Pumpkinseed, The Biology Mining Company

by Jen Dionne

Sequencing the first human genome in 2003 cost about $3 billion and took 13 years. Today, it costs between $100 and $600 and often is done in a single day. Genomic sequencing gave rise to a new industry that underpins nearly every corner of modern medicine and biological research.

That revolution was made possible by one thing: the first ‘reader’ of molecules. Once we could sequence DNA directly and precisely at scale, the data flowed, and a rich seam of biological innovation followed.

Proteins are a different story. And for the past decade, it's a story I've been determined to change. Because the proteins we can't read are often the ones that determine whether a disease responds to treatment, if a cell is aging normally or not, and whether a biothreat is present in the environment.

Proteins are what biology actually runs on. Every function in a living cell — every enzymatic reaction, every immune response, every signal that tells a cell to divide or die — is executed by proteins. DNA is the instruction manual. Proteins are the machinery.
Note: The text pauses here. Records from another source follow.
lemma long_circle_seg_level:
  assumes s: "circle_seg d w c \<alpha> \<beta>" and long: "1 < \<beta> - \<alpha>"
  shows "\<bar>wedge d (x - p)\<bar> < \<bar>wedge d w\<bar>"
proof -
  have c: "0 < c" using s by (simp add: circle_seg_def)
  have ratio: "\<bar>c * wedge d (x - p)\<bar> = \<bar>rp * wedge d w\<bar>"
    using circle_seg_level_ratio[OF d_nonzero circle_seg_p s] c rp by (simp add: abs_mult)
  have "rp * (\<beta> - \<alpha>) / c \<le> 1"
  proof (cases "c * wedge d (x - p) = rp * wedge d w")
    case True
    then obtain a where "0 \<le> a" "a + rp * (\<beta> - \<alpha>) / c \<le> 1"
      using maximal_segment_scaled_within[OF max_p rp s] by blast
    then show ?thesis by linarith
  next
    case False
    with ratio have "c * wedge d (x - p) = - (rp * wedge d w)" by arith
    then have "c * wedge d (x - q) = rq * wedge d w"
      by (simp del: wedge_diff add: wedge_x_minus_q radii_eq)
    then obtain a where "0 \<le> a" "a + rq * (\<beta> - \<alpha>) / c \<le> 1"
      using maximal_segment_scaled_within[OF max_q rq s] by blast
    then show ?thesis unfolding radii_eq by linarith
  qed
  then have "rp * (\<beta> - \<alpha>) \<le> c" using c by (simp add: divide_le_eq)
  moreover have "rp < rp * (\<beta> - \<alpha>)" using rp long by simp
  ultimately have "rp * \<bar>wedge d (x - p)\<bar> < c * \<bar>wedge d (x - p)\<bar>"
    using circle_seg_wedge_nonzero[OF d_nonzero circle_seg_p] by simp
  also have "c * \<bar>wedge d (x - p)\<bar> = rp * \<bar>wedge d w\<bar>" using ratio rp c by (simp add: abs_mult)
  finally show ?thesis using rp by simp
qed
text \<open>Sum of interior angles: at each vertex, the angle between the initial tangent
  vectors of the two sides issuing from it (a side ending at the vertex is traversed backwards).\<close>
definition sol_angle_sum ::
  "R3 \<Rightarrow> R3 \<Rightarrow> R3 \<Rightarrow> (real \<Rightarrow> R3) \<Rightarrow> (real \<Rightarrow> R3) \<Rightarrow> (real \<Rightarrow> R3) \<Rightarrow> real" where
  "sol_angle_sum A B C g1 g2 g3 =
     sol_angle A (side_tangent g1 0) (- side_tangent g3 1) +
     sol_angle B (side_tangent g2 0) (- side_tangent g1 1) +
     sol_angle C (side_tangent g3 0) (- side_tangent g2 1)"

end

theory Submission
  imports Defs
begin

text \<open>
  For \<open>t > 0\<close> take the vertices \<open>A = (0,0,0)\<close>, \<open>B = (1,1,0)\<close>, \<open>C = (0,1,(ln t)/2)\<close>.
  The side \<open>AB\<close> is the straight line \<open>x = y\<close> in the plane \<open>z = 0\<close>.  The sides \<open>BC\<close> and
  \<open>CA\<close> lie in the vertical planes \<open>y = 1\<close> and \<open>x = 0\<close>; substituting \<open>w = e\<^sup>\<mp>\<^sup>z\<close> turns
  each of these planes into the hyperbolic upper half-plane, so these sides are explicit
  semicircle arcs with explicit initial tangents.  The triangle is non-degenerate because
  \<open>e\<^sup>2\<^sup>z x'\<close> is constant along every geodesic: a geodesic meeting the plane \<open>x = 0\<close> twice
  stays in it, while \<open>B\<close> does not lie in it.

  Computing the three angles, the sign of (angle sum \<open>- \<pi>\<close>) turns out to be the opposite of
  the sign of \<open>t\<^sup>4 - 6t\<^sup>3 + 6t\<^sup>2 - 6t + 1\<close>, which is negative at \<open>t = 1\<close>, positive at \<open>t = 6\<close>,
  and hence vanishes somewhere in between.
\<close>

section \<open>Geodesics in vertical planes\<close>

lemma side_tangent_eqI:
  assumes "(g has_vector_derivative v) (at t within {0..1})" and "t \<in> {0..1}"
  shows "side_tangent g t = v"
  unfolding side_tangent_def using assms by (simp add: vector_derivative_within_closed_interval)

lemma has_vector_derivative_triple:
  fixes X Y Z :: "real \<Rightarrow> real"
  assumes "(X has_real_derivative X') (at t within S)" "(Y has_real_derivative Y') (at t within S)"
    and "(Z has_real_derivative Z') (at t within S)"
  shows "((\<lambda>t. (X t, Y t, Z t)) has_vector_derivative (X', Y', Z')) (at t within S)"
  using assms by (simp add: has_real_derivative_iff_has_vector_derivative has_vector_derivative_Pair)

lemma sol_geodesic_onI:
  assumes "a < b"
    and "\<And>t. (c has_vector_derivative c' t) (at t)"
    and "\<And>t. (c' has_vector_derivative c'' t) (at t)"
    and "\<And>t. c'' t = sol_geodesic_acc (c t) (c' t)"
  shows "sol_geodesic_on c a b"
  unfolding sol_geodesic_on_def using assms by (blast intro: has_vector_derivative_at_within)

text \<open>
  In the plane \<open>y = const\<close> the substitution \<open>w = e\<^sup>-\<^sup>z\<close> gives the metric \<open>(dx\<^sup>2 + dw\<^sup>2) / w\<^sup>2\<close>;
  the curve below is the semicircle \<open>(x - xc)\<^sup>2 + w\<^sup>2 = R\<^sup>2\<close>, \<open>x = xc + R tanh s\<close>,
  \<open>w = R sech s\<close>, traversed with constant hyperbolic speed \<open>d\<close>.
\<close>
lemma sol_geodesic_on_xz_arc:
  fixes xc y R s d :: real
  assumes "R > 0"
  defines "curve \<equiv> \<lambda>s. (xc + R * tanh s, y, - ln R - ln (1 - tanh s ^ 2) / 2)"
    and "velocity \<equiv> \<lambda>s. (R * (1 - tanh s ^ 2), 0::real, tanh s)"
  shows "sol_geodesic_on (\<lambda>t. curve (s + d * t)) 0 1"
    and "side_tangent (\<lambda>t. curve (s + d * t)) 0 = d *\<^sub>R velocity s"
    and "side_tangent (\<lambda>t. curve (s + d * t)) 1 = d *\<^sub>R velocity (s + d)"
proof -
  define T where "T t = tanh (s + d * t)" for t
  define c' :: "real \<Rightarrow> R3" where "c' t = (R * d * (1 - T t ^ 2), 0, d * T t)" for t
  define c'' :: "real \<Rightarrow> R3" where "c'' t = (- 2 * R * d^2 * T t * (1 - T t ^ 2), 0, d^2 * (1 - T t ^ 2))" for t
  have sech2_pos: "1 - T t ^ 2 > 0" for t
    using tanh_real_bounds[of "s + d * t"] by (simp add: T_def abs_square_less_1 abs_less_iff)
  have dT: "(T has_real_derivative d * (1 - T t ^ 2)) (at t)" for t
    unfolding T_def by (auto intro!: derivative_eq_intros simp: algebra_simps)
  have curve_eq: "(\<lambda>t. curve (s + d * t)) = (\<lambda>t. (xc + R * T t, y, - ln R - ln (1 - T t ^ 2) / 2))"
    by (simp add: curve_def T_def)
  have dx: "((\<lambda>t. xc + R * T t) has_real_derivative R * d * (1 - T t ^ 2)) (at t)" for t
    by (auto intro!: derivative_eq_intros dT simp: algebra_simps)
  have dz: "((\<lambda>t. - ln R - ln (1 - T t ^ 2) / 2) has_real_derivative d * T t) (at t)" for t
    using sech2_pos[of t] by (auto intro!: derivative_eq_intros dT simp: field_simps power2_eq_square)
  have dc: "((\<lambda>t. curve (s + d * t)) has_vector_derivative c' t) (at t within S)" for t S
    unfolding curve_eq c'_def
    by (rule has_vector_derivative_triple; rule has_field_derivative_at_within; rule dx dz DERIV_const)
  have dc': "(c' has_vector_derivative c'' t) (at t)" for t
    unfolding c'_def c''_def
    by (intro has_vector_derivative_triple) (auto intro!: derivative_eq_intros dT simp: algebra_simps power2_eq_square)
  have exp_z: "exp (2 * (- ln R - ln (1 - T t ^ 2) / 2)) = 1 / (R^2 * (1 - T t ^ 2))" for t
  proof -
    have "exp (2 * (- ln R - ln (1 - T t ^ 2) / 2)) = inverse (exp (ln R) * exp (ln R) * exp (ln (1 - T t ^ 2)))"
      by (simp add: exp_minus[symmetric] exp_add[symmetric] algebra_simps)
    then show ?thesis
      using sech2_pos[of t] \<open>R > 0\<close> by (simp add: power2_eq_square field_simps)
  qed
  have acc: "c'' t = sol_geodesic_acc (curve (s + d * t)) (c' t)" for t
  proof -
    have "exp (2 * (- ln R - ln (1 - T t ^ 2) / 2)) * (R * d * (1 - T t ^ 2))^2 = d^2 * (1 - T t ^ 2)"
      unfolding exp_z using sech2_pos[of t] \<open>R > 0\<close> by (simp add: field_simps power2_eq_square)
    then show ?thesis
      unfolding curve_def c'_def c''_def sol_geodesic_acc_def T_def by (simp add: algebra_simps power2_eq_square)
  qed
  show "sol_geodesic_on (\<lambda>t. curve (s + d * t)) 0 1"
    by (rule sol_geodesic_onI[OF _ dc dc' acc]) simp
  show "side_tangent (\<lambda>t. curve (s + d * t)) 0 = d *\<^sub>R velocity s"
    and "side_tangent (\<lambda>t. curve (s + d * t)) 1 = d *\<^sub>R velocity (s + d)"
    using side_tangent_eqI[OF dc, of 0] side_tangent_eqI[OF dc, of 1]
    by (simp_all add: c'_def velocity_def T_def)
qed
And despite decades of proteomics research, we have only ever been able to read a small, well-lit corner of that machinery. The vast majority of proteoforms, modifications, and low-abundance signals that drive disease, aging, and biological function have remained largely invisible.

Not because the data isn't there, but because the ability to mine it hasn’t existed.

The richest seam in biology

Think about the scale of what is inaccessible to us. The human genome contains about 20,000 genes, which produce around 200,000 RNA transcripts. But the proteome — the full set of proteins those transcripts give rise to and are modified and shaped by cellular context — contains more than one million distinct proteoforms. And unlike DNA, which is largely static, the proteome is dynamic: it changes with disease state, drug treatment, age, and environment. It is the most information-rich layer of biology, and it has been the least legible.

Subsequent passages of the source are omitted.